** Opening DATASET RECORDS block **

locale even_bump =
  fixes \<omega> :: "real^3 \<Rightarrow> real"
  assumes continuous: "continuous_on UNIV \<omega>"
    and support: "\<And>x. \<omega> x \<noteq> 0 \<Longrightarrow> norm x < 1"
    and nonneg: "\<And>x. \<omega> x \<ge> 0"
    and even: "\<And>x. \<omega> (- x) = \<omega> x"
    and pos_0: "\<omega> 0 > 0"
begin

definition mass :: real where
  "mass = (\<integral>z. \<omega> z ^ 6 \<partial>lborel)"

definition wmean :: "(real^3 \<Rightarrow> 'b::{banach, second_countable_topology}) \<Rightarrow> 'b" where
  "wmean f = (1 / mass) *\<^sub>R (\<integral>z. \<omega> z ^ 6 *\<^sub>R f z \<partial>lborel)"

lemma borel_measurable_omega [measurable]: "\<omega> \<in> borel_measurable borel"
  by (rule borel_measurable_continuous_onI[OF continuous])

lemma integrable_weighted:
  fixes f :: "real^3 \<Rightarrow> 'b::{banach, second_countable_topology}"
  assumes "continuous_on UNIV f"
  shows "integrable lborel (\<lambda>z. \<omega> z ^ 6 *\<^sub>R f z)"
proof -
  have "(\<lambda>z. \<omega> z ^ 6 *\<^sub>R f z) = (\<lambda>z. indicator (cball 0 1) z *\<^sub>R (\<omega> z ^ 6 *\<^sub>R f z))"
    using support by (force simp: indicator_def)
  then show ?thesis
    by (simp only:) (rule borel_integrable_compact;
        auto intro!: continuous_intros continuous_on_subset[OF continuous] continuous_on_subset[OF assms])
qed

lemma mass_pos: "mass > 0"
  unfolding mass_def
  using integrable_weighted[of "\<lambda>_. 1::real"] pos_0 nonneg
  by (intro lborel_integral_pos_continuous[where a = 0]) (auto intro!: continuous_intros continuous)

lemma wmean_const: "wmean (\<lambda>_. c) = c"
  using integrable_weighted[of "\<lambda>_. 1::real"] mass_pos by (simp add: wmean_def mass_def)

lemma wmean_add:
  "continuous_on UNIV f \<Longrightarrow> continuous_on UNIV g \<Longrightarrow> wmean (\<lambda>z. f z + g z) = wmean f + wmean g"
  by (simp add: wmean_def integrable_weighted scaleR_add_right)

lemma wmean_diff:
  "continuous_on UNIV f \<Longrightarrow> continuous_on UNIV g \<Longrightarrow> wmean (\<lambda>z. f z - g z) = wmean f - wmean g"
  by (simp add: wmean_def integrable_weighted scaleR_diff_right)

lemma wmean_real: "wmean f = (\<integral>z. \<omega> z ^ 6 * f z \<partial>lborel) / mass"
  for f :: "real^3 \<Rightarrow> real"
  by (simp add: wmean_def)

lemma wmean_mult_left: "wmean (\<lambda>z. c * f z) = c * wmean f"
  for f :: "real^3 \<Rightarrow> real"
  by (simp add: wmean_real mult.left_commute)

lemma inner_wmean_left:
  fixes f :: "real^3 \<Rightarrow> real^3"
  assumes "continuous_on UNIV f"
  shows "wmean f \<bullet> v = wmean (\<lambda>z. f z \<bullet> v)"
  using integral_inner_left[of v lborel "\<lambda>z. \<omega> z ^ 6 *\<^sub>R f z"] integrable_weighted[OF assms]
  by (simp add: wmean_def)

lemma norm_wmean_le: "norm (wmean f) \<le> wmean (\<lambda>z. norm (f z))"
  using integral_norm_bound[of lborel "\<lambda>z. \<omega> z ^ 6 *\<^sub>R f z"] mass_pos nonneg
  by (simp add: wmean_def divide_right_mono)

lemma wmean_mono:
  fixes f g :: "real^3 \<Rightarrow> real"
  assumes "continuous_on UNIV f" "continuous_on UNIV g"
    and "\<And>z. norm z < 1 \<Longrightarrow> f z \<le> g z"
  shows "wmean f \<le> wmean g"
proof -
  have "\<omega> z ^ 6 * f z \<le> \<omega> z ^ 6 * g z" for z
    using support[of z] assms(3)[of z] nonneg[of z] by (cases "\<omega> z = 0") (auto intro: mult_left_mono)
  then have "(\<integral>z. \<omega> z ^ 6 * f z \<partial>lborel) \<le> (\<integral>z. \<omega> z ^ 6 * g z \<partial>lborel)"
    using integrable_weighted[OF assms(1)] integrable_weighted[OF assms(2)]
    by (intro integral_mono) auto
  then show ?thesis
    using mass_pos by (simp add: wmean_real divide_right_mono)
qed

lemma wmean_pos:
  fixes f :: "real^3 \<Rightarrow> real"
  assumes "continuous_on UNIV f" "\<And>z. f z \<ge> 0" "f 0 > 0"
  shows "wmean f > 0"
proof -
  have "(\<integral>z. \<omega> z ^ 6 * f z \<partial>lborel) > 0"
    using integrable_weighted[OF assms(1)] assms pos_0 nonneg
    by (intro lborel_integral_pos_continuous[where a = 0]) (auto intro!: continuous_intros continuous)
  then show ?thesis
    using mass_pos by (simp add: wmean_real)
qed

lemma wmean_reflect:
  "continuous_on UNIV f \<Longrightarrow> wmean (\<lambda>z. f (- z)) = wmean f"
  using lborel_integral_reflect[OF integrable_weighted, of f] by (simp add: wmean_def even)

lemma omega_sy_pow6:
  assumes "\<sigma> > 0"
  shows "omega_sy \<omega> \<sigma> y x ^ 6 = \<omega> ((1 / \<sigma>) *\<^sub>R (x - y)) ^ 6 / \<sigma> ^ 3"
proof (cases "x \<in> ball y \<sigma>")
  case True
  have "(\<sigma> powr (-1/2)) ^ 6 = \<sigma> powr (-3)"
    using assms by (subst powr_power) auto
  also have "\<dots> = 1 / \<sigma> ^ 3"
    using assms by (simp add: powr_minus powr_realpow divide_inverse)
  finally have "(\<sigma> powr (-1/2)) ^ 6 = 1 / \<sigma> ^ 3" .
  then show ?thesis
    using True by (simp add: omega_sy_def power_mult_distrib)
next
  case False
  then have "norm ((1 / \<sigma>) *\<^sub>R (x - y)) \<ge> 1"
    using assms by (simp add: dist_norm norm_minus_commute)
  then have "\<omega> ((1 / \<sigma>) *\<^sub>R (x - y)) = 0"
    using support by force
  then show ?thesis
    using False by (simp add: omega_sy_def)
qed

lemma integral_omega_sy_pow6:
  fixes g :: "real^3 \<Rightarrow> 'b::{banach, second_countable_topology}"
  assumes "\<sigma> > 0" and "continuous_on UNIV g"
  shows "(\<integral>x. omega_sy \<omega> \<sigma> y x ^ 6 *\<^sub>R g x \<partial>lborel) = mass *\<^sub>R wmean (\<lambda>z. g (y + \<sigma> *\<^sub>R z))"
proof -
  define k where "k z = \<omega> z ^ 6 *\<^sub>R g (y + \<sigma> *\<^sub>R z)" for z
  have "integrable lborel k"
    unfolding k_def
    by (intro integrable_weighted continuous_on_compose2[OF assms(2)] continuous_intros) auto
  then have "(\<integral>z. k z \<partial>lborel)
      = \<bar>1 / \<sigma>\<bar> ^ 3 *\<^sub>R (\<integral>x. k (- (1 / \<sigma>) *\<^sub>R y + (1 / \<sigma>) *\<^sub>R x) \<partial>lborel)"
    using assms(1) lborel_integral_affine[of k "1 / \<sigma>" "- (1 / \<sigma>) *\<^sub>R y"] by simp
  also have "\<dots> = (\<integral>x. omega_sy \<omega> \<sigma> y x ^ 6 *\<^sub>R g x \<partial>lborel)"
  proof -
    have "omega_sy \<omega> \<sigma> y x ^ 6 *\<^sub>R g x = \<bar>1 / \<sigma>\<bar> ^ 3 *\<^sub>R k (- (1 / \<sigma>) *\<^sub>R y + (1 / \<sigma>) *\<^sub>R x)"
      for x
    proof -
      have "y + \<sigma> *\<^sub>R (- (1 / \<sigma>) *\<^sub>R y + (1 / \<sigma>) *\<^sub>R x) = x"
        and "- (1 / \<sigma>) *\<^sub>R y + (1 / \<sigma>) *\<^sub>R x = (1 / \<sigma>) *\<^sub>R (x - y)"
        using assms(1) by (simp_all add: algebra_simps)
      then show ?thesis
        using assms(1) by (simp add: k_def omega_sy_pow6 power_divide)
    qed
    then show ?thesis by simp
  qed
  finally show ?thesis
    using mass_pos by (simp add: wmean_def k_def)
qed

lemma L6pow6_omega_sy: "\<sigma> > 0 \<Longrightarrow> L6pow6 (omega_sy \<omega> \<sigma> y) = mass"
  using integral_omega_sy_pow6[of \<sigma> "\<lambda>_. 1::real" y]
  by (simp add: L6pow6_def power_even_abs_numeral wmean_const)

lemma beta_omega_sy:
  "\<sigma> > 0 \<Longrightarrow> beta (omega_sy \<omega> \<sigma> y) = wmean (\<lambda>z. shrink (y + \<sigma> *\<^sub>R z))"
  using integral_omega_sy_pow6[of \<sigma> shrink y] mass_pos
  by (simp add: beta_def L6pow6_omega_sy continuous_on_shrink[OF continuous_on_id] flip: shrink_def)

lemma gamma_omega_sy:
  "\<sigma> > 0 \<Longrightarrow> gamma (omega_sy \<omega> \<sigma> y)
     = wmean (\<lambda>z. norm (shrink (y + \<sigma> *\<^sub>R z) - beta (omega_sy \<omega> \<sigma> y)))"
  using integral_omega_sy_pow6[of \<sigma> "\<lambda>x. norm (shrink x - beta (omega_sy \<omega> \<sigma> y))" y] mass_pos
  by (simp add: gamma_def L6pow6_omega_sy mult.commute continuous_intros flip: shrink_def)

lemma inner_beta_omega_sy_pos:
  assumes "\<sigma> > 0" and "y \<noteq> 0"
  shows "beta (omega_sy \<omega> \<sigma> y) \<bullet> y > 0"
proof -
  define H where "H z = shrink (y + \<sigma> *\<^sub>R z) \<bullet> y" for z
  have H: "continuous_on UNIV H"
    unfolding H_def by (intro continuous_intros)
  have "beta (omega_sy \<omega> \<sigma> y) \<bullet> y = wmean H"
    using assms(1) by (simp add: beta_omega_sy inner_wmean_left continuous_intros H_def [abs_def])
  then have "2 * (beta (omega_sy \<omega> \<sigma> y) \<bullet> y) = wmean H + wmean (\<lambda>z. H (- z))"
    using wmean_reflect[OF H] by simp
  also have "\<dots> = wmean (\<lambda>z. H z + H (- z))"
    using H by (intro wmean_add [symmetric] continuous_on_compose2[OF H] continuous_intros) auto
  also have "\<dots> = wmean (\<lambda>z. (shrink (y + \<sigma> *\<^sub>R z) + shrink (y - \<sigma> *\<^sub>R z)) \<bullet> y)"
    by (simp add: H_def inner_add_left)
  also have "\<dots> > 0"
  proof (rule wmean_pos)
    show "0 < (shrink (y + \<sigma> *\<^sub>R 0) + shrink (y - \<sigma> *\<^sub>R 0)) \<bullet> y"
      unfolding inner_add_left using inner_shrink_self_pos[OF assms(2)] by simp
  qed (auto intro!: continuous_intros inner_shrink_add_shrink_diff_nonneg)
  finally show ?thesis by simp
qed
(* Let $\mathcal N=(\mathcal S,\mathcal C,\mathcal R)$ be a chemical reaction network, $k\in\mathbb R^r_{>0}$, and $\mathcal M=(\mathcal S,\mathcal C,\mathcal R,k)$ the associated mass action system. Let $\tilde{\mathcal N}=(\mathcal S,\tilde{\mathcal C},\mathcal{CR}_K,\tilde{\mathcal R})$ be an improper translation of $\mathcal N$ which is strongly resolvable and has structural deficiency $\tilde\delta=0$, and let $\tilde{\mathcal M}=(\mathcal S,\tilde{\mathcal C},\mathcal{CR}_K,\tilde{\mathcal R},\tilde k)$ be the improperly translated mass action system. Then the (positive) steady states of the system governing $\tilde{\mathcal M}$ coincide with those of the system governing $\mathcal M$.
   Context: A chemical reaction network $\mathcal N=(\mathcal S,\mathcal C,\mathcal R)$ consists of species $\mathcal A_1,\dots,\mathcal A_m$, pairwise distinct complexes $\mathcal C_1,\dots,\mathcal C_n$ with stoichiometric vectors $y_1,\dots,y_n\in\mathbb Z^m_{\ge 0}$, and reactions $\mathcal R_1,\dots,\mathcal R_r$, where $\mathcal R_i$ is $\mathcal C_{\rho(i)}\to\mathcal C_{\rho'(i)}$ with $\rho(i)\neq\rho'(i)$; every species appears in some complex and every complex in some reaction. Complexes and reactions are identified with their indices; $\mathcal{CR}=\{\rho(i)\}$ is the reactant complex set; $\mathbf x^{y}=\prod_j x_j^{y_j}$. The mass action system $\mathcal M=(\mathcal S,\mathcal C,\mathcal R,k)$ is $\dot{\mathbf x}=\sum_{i}k_i(y_{\rho'(i)}-y_{\rho(i)})\mathbf x^{y_{\rho(i)}}$ on $\mathbb R^m_{>0}$; steady states are taken in $\mathbb R^m_{>0}$. Linkage classes are connected components of the underlying undirected reaction graph; weakly reversible means every reaction $\mathcal C_a\to\mathcal C_b$ admits a directed path from $\mathcal C_b$ back to $\mathcal C_a$. A translation $\tilde{\mathcal N}=(\mathcal S,\tilde{\mathcal C},\mathcal{CR}_K,\tilde{\mathcal R})$ of $\mathcal N$: $(\mathcal S,\tilde{\mathcal C},\tilde{\mathcal R})$ is a chemical reaction network with complexes $\tilde{\mathcal C}_1,\dots,\tilde{\mathcal C}_{\tilde n}$ (vectors $\tilde y_j$), reactions $\tilde{\mathcal R}_l:\tilde{\mathcal C}_{\tilde\rho(l)}\to\tilde{\mathcal C}_{\tilde\rho'(l)}$, reactant complex set $\tilde{\mathcal{CR}}$, and $\mathcal{CR}_K\subseteq\mathcal{CR}$, such that (1) there is a bijection $h_1:\mathcal R\to\tilde{\mathcal R}$ preserving reaction vectors: $\tilde y_{\tilde\rho'(h_1(i))}-\tilde y_{\tilde\rho(h_1(i))}=y_{\rho'(i)}-y_{\rho(i)}$; (2) there is a surjection $h_2:\mathcal{CR}\to\tilde{\mathcal{CR}}$ with $h_2(\rho(i))=\tilde\rho(h_1(i))$; (3) for each $j\in\tilde{\mathcal{CR}}$, $\mathcal{CR}_K$ contains exactly one element $\kappa(j)$ of $h_2^{-1}(j)$, the kinetic complex of $\tilde{\mathcal C}_j$ (non-reactant complexes get arbitrary kinetic complexes in $\mathcal{CR}_K$). It is improper if $h_2$ is not injective, strong if $\tilde{\mathcal N}$ is weakly reversible. Kinetic-order subspace: $\tilde S=\mathrm{span}\{y_{\kappa(\tilde\rho'(l))}-y_{\kappa(\tilde\rho(l))}\}$. Structural deficiency: $\tilde\delta=\dim(\ker\tilde Y\cap\mathrm{Im}\,\tilde I_a)$, where $\tilde Y$ has columns $\tilde y_j$ and $\tilde I_a\in\mathbb Z^{\tilde n\times r}$ has, in the column of reaction $\tilde{\mathcal R}_l$, entry $-1$ in row $\tilde\rho(l)$, $+1$ in row $\tilde\rho'(l)$, and $0$ elsewhere. Improper reactions: $\mathcal R_I=\{i:\rho(i)\in\mathcal{CR}\setminus\mathcal{CR}_K\}$; $\rho(i)_K$ is the unique element of $h_2^{-1}(h_2(\rho(i)))\cap\mathcal{CR}_K$. $\tilde S_I=\mathrm{span}\{y_{\rho(i)}-y_{\rho(i)_K}:i\in\mathcal R_I\}$. Weakly resolvable: $\tilde{\mathcal N}$ strong and $\tilde S_I\subseteq\tilde S$. In that case fix a basis $\{y_{p_j}-y_{q_j}\}_{j=1}^{\tilde s}$ of $\tilde S$ with $p_j,q_j\in\mathcal{CR}_K$ and $h_2(p_j),h_2(q_j)$ in the same linkage class of $\tilde{\mathcal N}$, and for $i\in\mathcal R_I$ let $c^{(i)}_j$ be the coordinates: $y_{\rho(i)}-y_{\rho(i)_K}=\sum_j c^{(i)}_j(y_{p_j}-y_{q_j})$. Tree constants: for a weakly reversible directed graph with edge weights, a spanning $a$-tree is a subgraph spanning the linkage class of vertex $a$, with no cycles, and with $a$ as unique sink; the tree constant of $a$ is the sum over spanning $a$-trees of the product of their edge weights. The semi-proper reaction graph of $\tilde{\mathcal N}$ is its reaction graph with edge $h_1(i)$ weighted $k_i$ if $i\notin\mathcal R_I$ and by an indeterminate positive $\tilde k_i$ if $i\in\mathcal R_I$; let $\tilde K_a$ be its tree constants (polynomials in these weights). The strong kinetic adjustment factor of $i\in\mathcal R_I$ is $\tilde K_{\rho(i),\rho(i)_K}=\prod_j(\tilde K_{h_2(p_j)}/\tilde K_{h_2(q_j)})^{c^{(i)}_j}$. $\tilde{\mathcal N}$ is strongly resolvable if it is weakly resolvable and, for every $i\in\mathcal R_I$, $\tilde K_{\rho(i),\rho(i)_K}$ does not depend on any $\tilde k_{j}$, $j\in\mathcal R_I$. The improperly translated mass action system $\tilde{\mathcal M}$ is the generalized mass action system $\dot{\mathbf x}=\sum_l\tilde k_l(\tilde y_{\tilde\rho'(l)}-\tilde y_{\tilde\rho(l)})\mathbf x^{y_{\kappa(\tilde\rho(l))}}$ with rate constants $\tilde k_{h_1(i)}=k_i$ for $i\notin\mathcal R_I$ and $\tilde k_{h_1(i)}=\tilde K_{\rho(i),\rho(i)_K}\,k_i$ for $i\in\mathcal R_I$. *)

theory Defs
  imports "HOL-Analysis.Analysis" "HOL-Library.Function_Algebras"
begin

text \<open>Species are indexed by 0..<m, complexes by 0..<n, reactions by 0..<r.
  A stoichiometric vector is a function nat => nat (only the entries below m matter).
  Vectors in R^m (resp. R^n) are represented as functions nat => real; linear algebra
  on them is done with the vector space structure given by pointwise scaling fscale.\<close>

definition fscale :: "real \<Rightarrow> (nat \<Rightarrow> real) \<Rightarrow> nat \<Rightarrow> real" where
  "fscale c f = (\<lambda>x. c * f x)"
lemma Cc_inf_scale:
  fixes g :: "'a::euclidean_space \<Rightarrow> real"
  assumes "g \<in> Cc_inf" "r \<noteq> 0"
  shows "(\<lambda>x. c * g (r *\<^sub>R x)) \<in> Cc_inf"
proof -
  have sm: "smooth_fun g" using Cc_infD[OF assms(1)] by simp
  define S where "S = {f. \<exists>c a. a \<in> iter_derivs g \<and> f = (\<lambda>x. c * a (r *\<^sub>R x))}"
  have cl: "f differentiable_on UNIV \<and> (\<forall>v. (\<lambda>x. frechet_derivative f (at x) v) \<in> S)" if "f \<in> S" for f
  proof -
    obtain c a where a: "a \<in> iter_derivs g" and f: "f = (\<lambda>x. c * a (r *\<^sub>R x))" using \<open>f \<in> S\<close> S_def by auto
    have da: "(a has_derivative frechet_derivative a (at x)) (at x)" for x using smooth_fun_iter_derivsD(4)[OF sm a] .
    have bl: "linear (frechet_derivative a (at x))" for x using da[of x] has_derivative_linear by blast
    have d: "(f has_derivative (\<lambda>v. c * frechet_derivative a (at (r *\<^sub>R x)) (r *\<^sub>R v))) (at x)" for x
    proof -
      have "((\<lambda>x. r *\<^sub>R x) has_derivative (\<lambda>v. r *\<^sub>R v)) (at x)" by (auto intro!: derivative_eq_intros)
      from has_derivative_compose[OF this da[of "r *\<^sub>R x"]]
      have "((\<lambda>x. a (r *\<^sub>R x)) has_derivative (\<lambda>v. frechet_derivative a (at (r *\<^sub>R x)) (r *\<^sub>R v))) (at x)"
        by (simp add: o_def)
      from has_derivative_mult_right[OF this, of c] show ?thesis by (simp add: f)
    qed
    have fd: "frechet_derivative f (at x) v = (c * r) * frechet_derivative a (at (r *\<^sub>R x)) v" for x v
      using frechet_derivative_at[OF d[of x]] linear_scale[OF bl[of "r *\<^sub>R x"], of r v] by (metis mult.assoc real_scaleR_def)
    show ?thesis
    proof (intro conjI allI)
      show "f differentiable_on UNIV" using d by (auto simp: differentiable_on_def differentiable_def)
      fix v
      show "(\<lambda>x. frechet_derivative f (at x) v) \<in> S"
        unfolding fd S_def using smooth_fun_iter_derivsD(3)[OF sm a, of v] by blast
    qed
  qed
  have "smooth_fun (\<lambda>x. c * g (r *\<^sub>R x))"
  proof (rule smooth_funI[where S=S])
    show "(\<lambda>x. c * g (r *\<^sub>R x)) \<in> S" unfolding S_def using iter_derivs.base by blast
  qed (use cl in auto)
  moreover have "{x. c * g (r *\<^sub>R x) \<noteq> 0} \<subseteq> (\<lambda>y. (1/r) *\<^sub>R y) ` {x. g x \<noteq> 0}"
    using assms(2) by (auto intro!: image_eqI[where x = "r *\<^sub>R _"])
  hence "bounded {x. c * g (r *\<^sub>R x) \<noteq> 0}"
    using assms(1) by (auto simp: Cc_inf_iff_bounded_support intro: bounded_subset bounded_scaling)
  ultimately show ?thesis by (simp add: Cc_inf_iff_bounded_support)
qed
lemma msum_closed[simp]: "(\<And>j. j < n \<Longrightarrow> f j \<in> mcarrier M) \<Longrightarrow> msum M f n \<in> mcarrier M"
  by (induction n) auto

lemma msum_add:
  "(\<And>j. j < n \<Longrightarrow> f j \<in> mcarrier M) \<Longrightarrow> (\<And>j. j < n \<Longrightarrow> g j \<in> mcarrier M) \<Longrightarrow>
   msum M (\<lambda>j. madd M (f j) (g j)) n = madd M (msum M f n) (msum M g n)"
proof (induction n)
  case 0 then show ?case by simp
next
  case (Suc n)
  have IH: "msum M (\<lambda>j. madd M (f j) (g j)) n = madd M (msum M f n) (msum M g n)"
    using Suc by auto
  have c: "msum M f n \<in> mcarrier M" "msum M g n \<in> mcarrier M" "f n \<in> mcarrier M" "g n \<in> mcarrier M"
    using Suc.prems by auto
  show ?case using c by (simp add: IH add_assoc) (metis add_assoc add_comm)
qed

lemma msum_zero: "(\<And>j. j < n \<Longrightarrow> f j = mzero M) \<Longrightarrow> msum M f n = mzero M"
  by (induction n) auto

lemma msum_act:
  "(\<And>j. j < n \<Longrightarrow> f j \<in> mcarrier M) \<Longrightarrow> mact M (msum M f n) r = msum M (\<lambda>j. mact M (f j) r) n"
  by (induction n) (auto simp: act_add)

lemma msum_neg:
  "(\<And>j. j < n \<Longrightarrow> f j \<in> mcarrier M) \<Longrightarrow> mneg M (msum M f n) = msum M (\<lambda>j. mneg M (f j)) n"
  by (induction n) (auto simp: neg_add)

** Closing DATASET RECORDS block **

DESCRIPTION OF THE TASK ▸
Please return the lines above that run from the line containing "using assms(1) by (simp add: k_def" to the line containing "using assms(1) by (simp add: beta_omega_sy", inclusive, exactly and with no other lines.

YOUR SOLUTION ▸
        using assms(1) by (simp add: k_def omega_sy_pow6 power_divide)
    qed
    then show ?thesis by simp
  qed
  finally show ?thesis
    using mass_pos by (simp add: wmean_def k_def)
qed

lemma L6pow6_omega_sy: "\<sigma> > 0 \<Longrightarrow> L6pow6 (omega_sy \<omega> \<sigma> y) = mass"
  using integral_omega_sy_pow6[of \<sigma> "\<lambda>_. 1::real" y]
  by (simp add: L6pow6_def power_even_abs_numeral wmean_const)

lemma beta_omega_sy:
  "\<sigma> > 0 \<Longrightarrow> beta (omega_sy \<omega> \<sigma> y) = wmean (\<lambda>z. shrink (y + \<sigma> *\<^sub>R z))"
  using integral_omega_sy_pow6[of \<sigma> shrink y] mass_pos
  by (simp add: beta_def L6pow6_omega_sy continuous_on_shrink[OF continuous_on_id] flip: shrink_def)

lemma gamma_omega_sy:
  "\<sigma> > 0 \<Longrightarrow> gamma (omega_sy \<omega> \<sigma> y)
     = wmean (\<lambda>z. norm (shrink (y + \<sigma> *\<^sub>R z) - beta (omega_sy \<omega> \<sigma> y)))"
  using integral_omega_sy_pow6[of \<sigma> "\<lambda>x. norm (shrink x - beta (omega_sy \<omega> \<sigma> y))" y] mass_pos
  by (simp add: gamma_def L6pow6_omega_sy mult.commute continuous_intros flip: shrink_def)

lemma inner_beta_omega_sy_pos:
  assumes "\<sigma> > 0" and "y \<noteq> 0"
  shows "beta (omega_sy \<omega> \<sigma> y) \<bullet> y > 0"
proof -
  define H where "H z = shrink (y + \<sigma> *\<^sub>R z) \<bullet> y" for z
  have H: "continuous_on UNIV H"
    unfolding H_def by (intro continuous_intros)
  have "beta (omega_sy \<omega> \<sigma> y) \<bullet> y = wmean H"
    using assms(1) by (simp add: beta_omega_sy inner_wmean_left continuous_intros H_def [abs_def])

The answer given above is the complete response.